Dans ce sens, la dynamique de connaissances durant cette période tient de fait dans la modernité des infrastructures d’agrément dites « standard » (salles de bains, salles de conférences, télécommunications), dans l’exclusivité des pratiques proposées du moins au début de la période (aviation, spectacles, concerts), ainsi que dans « l’authenticité » du lieu. Ce aspect-ci des dynamiques de connaissances est particulièrement complexe, car cette « authenticité » consiste en une construction sociale, mobilisant diverses dimensions du patrimoine local, combinaison à dimensions multiples selon la manière dont elle est ensuite interprétée – expérimentée – par les touristes. La question de l’authenticité concerne ainsi le tourisme en ce qu’elle est valorisée d’une certaine manière par les différentes clientèles, grâce aux Montreusiens mais aussi pour ces derniers d’un point de vue identitaire. Le caractère multidimensionnel de l’identité (marketing) de la station se trouve ainsi dans les supports et événements destinés aux touristes, mais également dans les discours des acteurs locaux destinés aux montreusiens. On prend ici l’exemple des discours tenus et actions menées à l’occasion du centième anniversaire du tourisme montreusien, relaté dans la presse à diverses reprises (Argenton, 1950; Burnand, 1950a; J. Ecuyer, 1950a ; Ecuyer, 1950b), ainsi que dans un numéro spécial du Journal de Montreux194. Cet exemple se situe historiquement à un tournant dans la trajectoire de Montreux, mais on retrouve cette dualité dans la plupart des récits montreusiens tout au long de la période, par exemple Bettex (1913); Rambert (1877 [1989]). La métamorphose au regard de ce critère se donne à voir en ce qu’il ne sert plus uniquement des activités de séjour d’agrément, mais d’autres moyens de générer du revenu basique.

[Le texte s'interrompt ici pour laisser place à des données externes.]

(* For every $n\ge1$, $$\tilde S^{\,n-1}_{e_0}\big(e_+(z)\big)=\prod_{k=2}^n\big(1-q^{-2(k-1)}\big)\,e_+(z)^n,\qquad S^{\,n-1}_{e_0}\big(e_-(z)\big)=\prod_{k=2}^n\big(1-q^{2(k-1)}\big)\,e_-(z)^n,$$ $$S^{\,n-1}_{f_0}\big(f_+(z)\big)=\prod_{k=2}^n\big(q^{-2(k-1)}-1\big)\,f_+(z)^n,\qquad \tilde S^{\,n-1}_{f_0}\big(f_-(z)\big)=\prod_{k=2}^n\big(q^{2(k-1)}-1\big)\,f_-(z)^n.$$
   Context: $U=U_q(\widehat{\mathfrak{sl}}_2)$ in the Drinfeld new realization: currents $e(z)=\sum_ne_nz^{-n}$, $f(z)=\sum_nf_nz^{-n}$ with $(z-q^2w)e(z)e(w)=(q^2z-w)e(w)e(z)$, $(z-q^{-2}w)f(z)f(w)=(q^{-2}z-w)f(w)f(z)$, and $k=\psi^+_0$ with $ke_nk^{-1}=q^2e_n$, $kf_nk^{-1}=q^{-2}f_n$; $q$ not a root of unity. Half-currents: $e_+(z)=\sum_{n\ge0}e_nz^{-n}$, $e_-(z)=-\sum_{n<0}e_nz^{-n}$, $f_+(z)=\sum_{n>0}f_nz^{-n}$, $f_-(z)=-\sum_{n\le0}f_nz^{-n}$; $e_\pm(z)^n$, $f_\pm(z)^n$ are powers as formal series. Screening operators (applied coefficientwise): $S_{e_0}(x)=e_0x-kxk^{-1}e_0$, $S_{f_0}(x)=xf_0-f_0kxk^{-1}$, $\tilde S_{e_0}(x)=xe_0-e_0k^{-1}xk$, $\tilde S_{f_0}(x)=f_0x-k^{-1}xkf_0$. Empty products equal $1$. *)

theory Defs
  imports "HOL-Computational_Algebra.Formal_Power_Series"
begin

definition central_scalars :: "('k::field \<Rightarrow> 'a::ring_1) \<Rightarrow> bool" where
  "central_scalars sc \<longleftrightarrow>
     (\<forall>x y. sc (x + y) = sc x + sc y) \<and> (\<forall>x y. sc (x * y) = sc x * sc y) \<and>
     sc 1 = 1 \<and> (\<forall>x a. sc x * a = a * sc x)"

definition fps_cmap :: "('a \<Rightarrow> 'b) \<Rightarrow> 'a fps \<Rightarrow> 'b fps" where
  "fps_cmap g X = Abs_fps (\<lambda>i. g (fps_nth X i))"

text \<open>Half currents. e_+ and f_+ are power series in z^{-1}; e_- and f_- are
  power series in z. The coefficient at index j is the coefficient of
  z^{-j} (resp. z^{j}).\<close>
definition e_plus :: "(int \<Rightarrow> 'a::ring_1) \<Rightarrow> 'a fps" where
  "e_plus e = Abs_fps (\<lambda>j. e (int j))"
definition e_minus :: "(int \<Rightarrow> 'a::ring_1) \<Rightarrow> 'a fps" where
  "e_minus e = Abs_fps (\<lambda>j. if j = 0 then 0 else - e (- int j))"
definition f_plus :: "(int \<Rightarrow> 'a::ring_1) \<Rightarrow> 'a fps" where
  "f_plus f = Abs_fps (\<lambda>j. if j = 0 then 0 else f (int j))"
definition f_minus :: "(int \<Rightarrow> 'a::ring_1) \<Rightarrow> 'a fps" where
  "f_minus f = Abs_fps (\<lambda>j. - f (- int j))"

definition S_e0 :: "(int \<Rightarrow> 'a::ring_1) \<Rightarrow> 'a \<Rightarrow> 'a \<Rightarrow> 'a \<Rightarrow> 'a" where
  "S_e0 e k kinv x = e 0 * x - k * x * kinv * e 0"
definition S_f0 :: "(int \<Rightarrow> 'a::ring_1) \<Rightarrow> 'a \<Rightarrow> 'a \<Rightarrow> 'a \<Rightarrow> 'a" where
  "S_f0 f k kinv x = x * f 0 - f 0 * k * x * kinv"
definition St_e0 :: "(int \<Rightarrow> 'a::ring_1) \<Rightarrow> 'a \<Rightarrow> 'a \<Rightarrow> 'a \<Rightarrow> 'a" where
  "St_e0 e k kinv x = x * e 0 - e 0 * kinv * x * k"
definition St_f0 :: "(int \<Rightarrow> 'a::ring_1) \<Rightarrow> 'a \<Rightarrow> 'a \<Rightarrow> 'a \<Rightarrow> 'a" where
  "St_f0 f k kinv x = f 0 * x - kinv * x * k * f 0"

end

theory Submission
  imports Defs
begin

text \<open>
  Each screening operator is a twisted commutator \<open>x \<mapsto> b x - (a x a') b\<close> or its
  mirror image \<open>x \<mapsto> x b - b (a x a')\<close>, where \<open>b\<close> is the zero mode \<open>e\<^sub>0\<close> or \<open>f\<^sub>0\<close>
  and conjugation by \<open>a = k\<^sup>\<plusminus>\<^sup>1\<close> multiplies the half current \<open>X\<close> by \<open>r = q\<^sup>\<plusminus>\<^sup>2\<close>.
  Summing the exchange relation along an antidiagonal gives the q-commutation relation
  \<open>b X - r X b = c (1 - r) X\<^sup>2\<close> with \<open>c = \<plusminus>1\<close> (or its mirror image): the relation makes
  the antidiagonal sum antisymmetric under a reflection, so everything cancels except
  the term containing the zero mode, once 2 is invertible. By induction,
  \<open>b X\<^sup>m - r\<^sup>m X\<^sup>m b = c (1 - r\<^sup>m) X\<^sup>m\<^sup>+\<^sup>1\<close>, i.e. the screening operator sends \<open>X\<^sup>m\<close>
  to \<open>c (1 - r\<^sup>m) X\<^sup>m\<^sup>+\<^sup>1\<close>, and iterating it produces the product. The currents in \<open>z\<close>
  (\<open>e\<^sub>-\<close>, \<open>f\<^sub>-\<close>) reduce to those in \<open>z\<^sup>-\<^sup>1\<close> by reversing the mode index, which
  inverts \<open>Q\<close> in the exchange relation.
\<close>

unbundle fps_syntax

definition q_commutator :: "'a \<Rightarrow> 'a \<Rightarrow> 'a \<Rightarrow> 'a::ring_1" where
  "q_commutator r a b = a * b - r * b * a"

lemma q_commutator_swap:
  assumes "p * r = 1"
  shows "q_commutator p b a = - (p * q_commutator r a b)"
  using assms by (simp add: q_commutator_def right_diff_distrib mult.assoc flip: mult.assoc)

lemma q_commutator_uminus_right: "q_commutator r a (- b) = - q_commutator r a b"
  by (simp add: q_commutator_def)

lemma left_commute_of_commute:
  fixes x y :: "'a::semigroup_mult"
  assumes "x * y = y * x"
  shows "x * (y * z) = y * (x * z)"
  by (simp add: assms flip: mult.assoc)

lemma power_mult_distrib_commuting:
  fixes r x :: "'a::monoid_mult"
  assumes "r * x = x * r"
  shows "(r * x) ^ n = r ^ n * x ^ n"
proof (induction n)
  case (Suc n)
  have "x * (r ^ n * z) = r ^ n * (x * z)" for z
    using power_commuting_commutes[of r x n] assms by (simp add: left_commute_of_commute)
  with Suc.IH show ?case
    by (simp add: mult.assoc)
qed simp

lemma conjugate_power:
  fixes a a' x :: "'a::monoid_mult"
  assumes "a * a' = 1" "a' * a = 1"
  shows "a * x ^ n * a' = (a * x * a') ^ n"
proof (induction n)
  case (Suc n)
  have cancel: "a' * (a * z) = z" for z
    using assms(2) by (simp flip: mult.assoc)
  have "a * x ^ Suc n * a' = (a * x ^ n * a') * (a * x * a')"
    by (simp only: power_Suc2 mult.assoc cancel)
  with Suc show ?case by (simp only: power_Suc2)
qed (simp add: assms(1))

lemma q_commutator_power_Suc_left:
  fixes b x r :: "'a::ring_1"
  assumes "r * x = x * r"
  shows "q_commutator (r ^ Suc n) b (x ^ Suc n)
           = q_commutator (r ^ n) b (x ^ n) * x + r ^ n * x ^ n * q_commutator r b x"
proof -
  have "x ^ n * (r * z) = r * (x ^ n * z)" for z
    using power_commuting_commutes[of x r n] assms by (simp flip: mult.assoc)
  then show ?thesis
    unfolding q_commutator_def power_Suc2 by (simp add: algebra_simps)
qed

lemma q_commutator_power_Suc_right:
  fixes b x r :: "'a::ring_1"
  assumes "r * x = x * r"
  shows "q_commutator (r ^ Suc n) (x ^ Suc n) b
           = x * q_commutator (r ^ n) (x ^ n) b + r ^ n * q_commutator r x b * x ^ n"
proof -
  have "x * (r ^ n * z) = r ^ n * (x * z)" for z
    using power_commuting_commutes[of r x n] assms by (simp flip: mult.assoc)
  moreover have "r ^ n * (r * z) = r * (r ^ n * z)" for z
    by (simp add: power_commutes flip: mult.assoc)
  ultimately show ?thesis
    unfolding q_commutator_def power_Suc by (simp add: algebra_simps)
qed

lemma q_commutator_power_left:
  fixes b x r c :: "'a::ring_1"
  assumes rx: "r * x = x * r" and cx: "c * x = x * c" and cr: "c * r = r * c"
    and base: "q_commutator r b x = c * (1 - r) * x ^ 2"
  shows "q_commutator (r ^ n) b (x ^ n) = c * (1 - r ^ n) * x ^ Suc n"
proof (induction n)
  case (Suc n)
  have "x ^ n * (1 - r) = (1 - r) * x ^ n"
    using power_commuting_commutes[of x r n] rx by (simp add: algebra_simps)
  moreover have "x ^ n * c = c * x ^ n"
    using power_commuting_commutes[of x c n] cx by simp
  ultimately have "r ^ n * x ^ n * (c * (1 - r) * x ^ 2) = r ^ n * (c * (1 - r)) * (x ^ n * x ^ 2)"
    by (simp only: mult.assoc left_commute_of_commute)
  also have "r ^ n * (c * (1 - r)) = c * (r ^ n * (1 - r))"
    using power_commuting_commutes[of r c n] cr by (simp add: left_commute_of_commute)
  also have "r ^ n * (1 - r) = r ^ n - r ^ Suc n"
    by (simp add: right_diff_distrib power_commutes)
  also have "x ^ n * x ^ 2 = x ^ Suc (Suc n)"
    by (simp flip: power_add)
  finally have twist:
    "r ^ n * x ^ n * (c * (1 - r) * x ^ 2) = c * (r ^ n - r ^ Suc n) * x ^ Suc (Suc n)" .
  have "q_commutator (r ^ Suc n) b (x ^ Suc n)
      = q_commutator (r ^ n) b (x ^ n) * x + r ^ n * x ^ n * q_commutator r b x"
    by (rule q_commutator_power_Suc_left[OF rx])
  also have "\<dots> = c * (1 - r ^ n) * x ^ Suc (Suc n)
      + c * (r ^ n - r ^ Suc n) * x ^ Suc (Suc n)"
    unfolding Suc.IH base twist by (simp only: mult.assoc power_Suc2)
  also have "\<dots> = c * (1 - r ^ Suc n) * x ^ Suc (Suc n)"
    by (simp add: algebra_simps)
  finally show ?case .
qed (simp add: q_commutator_def)

lemma q_commutator_power_right:
  fixes b x r c :: "'a::ring_1"
  assumes rx: "r * x = x * r" and cx: "c * x = x * c" and cr: "c * r = r * c"
    and base: "q_commutator r x b = c * (1 - r) * x ^ 2"
  shows "q_commutator (r ^ n) (x ^ n) b = c * (1 - r ^ n) * x ^ Suc n"
proof (induction n)
  case (Suc n)
  have "x * (1 - r ^ n) = (1 - r ^ n) * x"
    using power_commuting_commutes[of r x n] rx by (simp add: algebra_simps)
  then have shift: "x * (c * (1 - r ^ n) * x ^ Suc n) = c * (1 - r ^ n) * x ^ Suc (Suc n)"
    using cx by (simp only: mult.assoc left_commute_of_commute power_Suc)
  have "r ^ n * (c * (1 - r) * x ^ 2) * x ^ n = r ^ n * (c * (1 - r)) * (x ^ 2 * x ^ n)"
    by (simp only: mult.assoc)
  also have "r ^ n * (c * (1 - r)) = c * (r ^ n - r ^ Suc n)"
    using power_commuting_commutes[of r c n] cr
    by (simp add: left_commute_of_commute right_diff_distrib power_commutes)
  also have "x ^ 2 * x ^ n = x ^ Suc (Suc n)"
    by (simp flip: power_add)
  finally have twist:
    "r ^ n * (c * (1 - r) * x ^ 2) * x ^ n = c * (r ^ n - r ^ Suc n) * x ^ Suc (Suc n)" .
  have "q_commutator (r ^ Suc n) (x ^ Suc n) b
      = c * (1 - r ^ n) * x ^ Suc (Suc n) + c * (r ^ n - r ^ Suc n) * x ^ Suc (Suc n)"
    unfolding q_commutator_power_Suc_right[OF rx] Suc.IH base shift twist ..
  also have "\<dots> = c * (1 - r ^ Suc n) * x ^ Suc (Suc n)"
    by (simp add: algebra_simps)
  finally show ?case .
qed (simp add: q_commutator_def)

text \<open>The coefficient of \<open>z\<^sup>-\<^sup>m w\<^sup>-\<^sup>l\<close> in
  \<open>(z - Q w) g(z) g(w) = (Q z - w) g(w) g(z)\<close>, where \<open>g(z) = \<Sum>\<^sub>n g\<^sub>n z\<^sup>-\<^sup>n\<close>.\<close>

definition quadratic_exchange :: "'a::ring_1 \<Rightarrow> (int \<Rightarrow> 'a) \<Rightarrow> bool" where
  "quadratic_exchange Q g \<longleftrightarrow>
     (\<forall>m l. g (m + 1) * g l - Q * g m * g (l + 1) = Q * g l * g (m + 1) - g (l + 1) * g m)"

lemma quadratic_exchange_reflect:
  assumes "quadratic_exchange Q g" and "P * Q = 1"
  shows "quadratic_exchange P (\<lambda>m. g (- m))"
  unfolding quadratic_exchange_def
proof (intro allI)
  fix m l :: int
  have "g (- l) * g (- m - 1) - Q * g (- l - 1) * g (- m)
      = Q * g (- m - 1) * g (- l) - g (- m) * g (- l - 1)"
    using assms(1) unfolding quadratic_exchange_def by (metis diff_add_cancel)
  then have "P * (g (- l) * g (- m - 1) - Q * g (- l - 1) * g (- m))
      = P * (Q * g (- m - 1) * g (- l) - g (- m) * g (- l - 1))"
    by simp
  then show "g (- (m + 1)) * g (- l) - P * g (- m) * g (- (l + 1))
      = P * g (- l) * g (- (m + 1)) - g (- (l + 1)) * g (- m)"
    by (simp add: right_diff_distrib assms(2) flip: mult.assoc)
qed

lemma quadratic_exchange_q_commutator:
  assumes "quadratic_exchange Q g"
  shows "q_commutator Q (g (m + 1)) (g l) = - q_commutator Q (g (l + 1)) (g m)"
proof -
  have "g (m + 1) * g l - Q * g m * g (l + 1) = Q * g l * g (m + 1) - g (l + 1) * g m"
    using assms unfolding quadratic_exchange_def by blast
  then show ?thesis
    unfolding q_commutator_def by (simp add: algebra_simps)
qed

lemma antidiagonal_q_commutator_sum_eq_0:
  fixes g :: "int \<Rightarrow> 'a::ring_1"
  assumes "quadratic_exchange Q g"
    and no_2_torsion: "\<And>x::'a. x + x = 0 \<Longrightarrow> x = 0"
  shows "(\<Sum>i=1..j. q_commutator Q (g (int i)) (g (int j - int i))) = 0"
proof -
  let ?C = "\<lambda>i. q_commutator Q (g (int i)) (g (int j - int i))"
  \<comment> \<open>the exchange relation says \<open>?C (j + 1 - i) = - ?C i\<close>\<close>
  have "sum ?C {1..j} = sum (\<lambda>i. ?C (j + 1 - i)) {1..j}"
    by (rule sum.atLeastAtMost_rev)
  also have "\<dots> = sum (\<lambda>i. - ?C i) {1..j}"
  proof (rule sum.cong)
    fix i assume "i \<in> {1..j}"
    then show "?C (j + 1 - i) = - ?C i"
      using quadratic_exchange_q_commutator[OF assms(1), of "int i - 1" "int j - int i"]
      by (simp add: algebra_simps)
  qed simp
  finally have "sum ?C {1..j} + sum ?C {1..j} = 0"
    by (simp add: sum_negf eq_neg_iff_add_eq_0)
  then show ?thesis by (rule no_2_torsion)
qed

Le centenaire du tourisme montreusien est un événement intéressant d’une part par son envergure (il comporte une exposition au casino, un grand cortège, de multiples fêtes tout au long de l’été), mais aussi parce qu’il est l’occasion pour les acteurs du système territorial d’émettre un discours sur leur propre territoire, c’est-à-dire de constituer un récit qui les concerne de manière collective. Or, contrairement à des jubilés locaux traditionnels, les actions et discours sont également prononcés à l’intention des touristes, parce que Montreux est une station touristique. Cette dualité se retrouve d’ailleurs en premier lieu entre le titre de la publication spéciale du journal de Montreux (« 1850-1950. Cent ans de vie montreusienne ») et le contenu de la publication (reportages, commentaires et hommages) qui insistent non seulement sur la dimension touristique de l’identité montreusienne, mais sur « l’authenticité » traditionnelle de Montreux, c’est-à-dire ses personnages historiques et ses dimensions rurales antérieures à 1850. A l’attention des touristes, et dans le même temps des Montreusiens, les rédacteurs locaux affirment ainsi une identité duale, une « vie montreusienne » qui remonte à 1850, mais aussi une existence plus historique encore. Comme on le constate dans le poème qui suit, la ville-station est personnifiée, louée dans son identité binaire et priée de garder cet équilibre :

194 1850-1950. Cent ans de vie montreusienne. Numéro spécial du « Journal de Montreux » du 15 juillet 1950, Montreux.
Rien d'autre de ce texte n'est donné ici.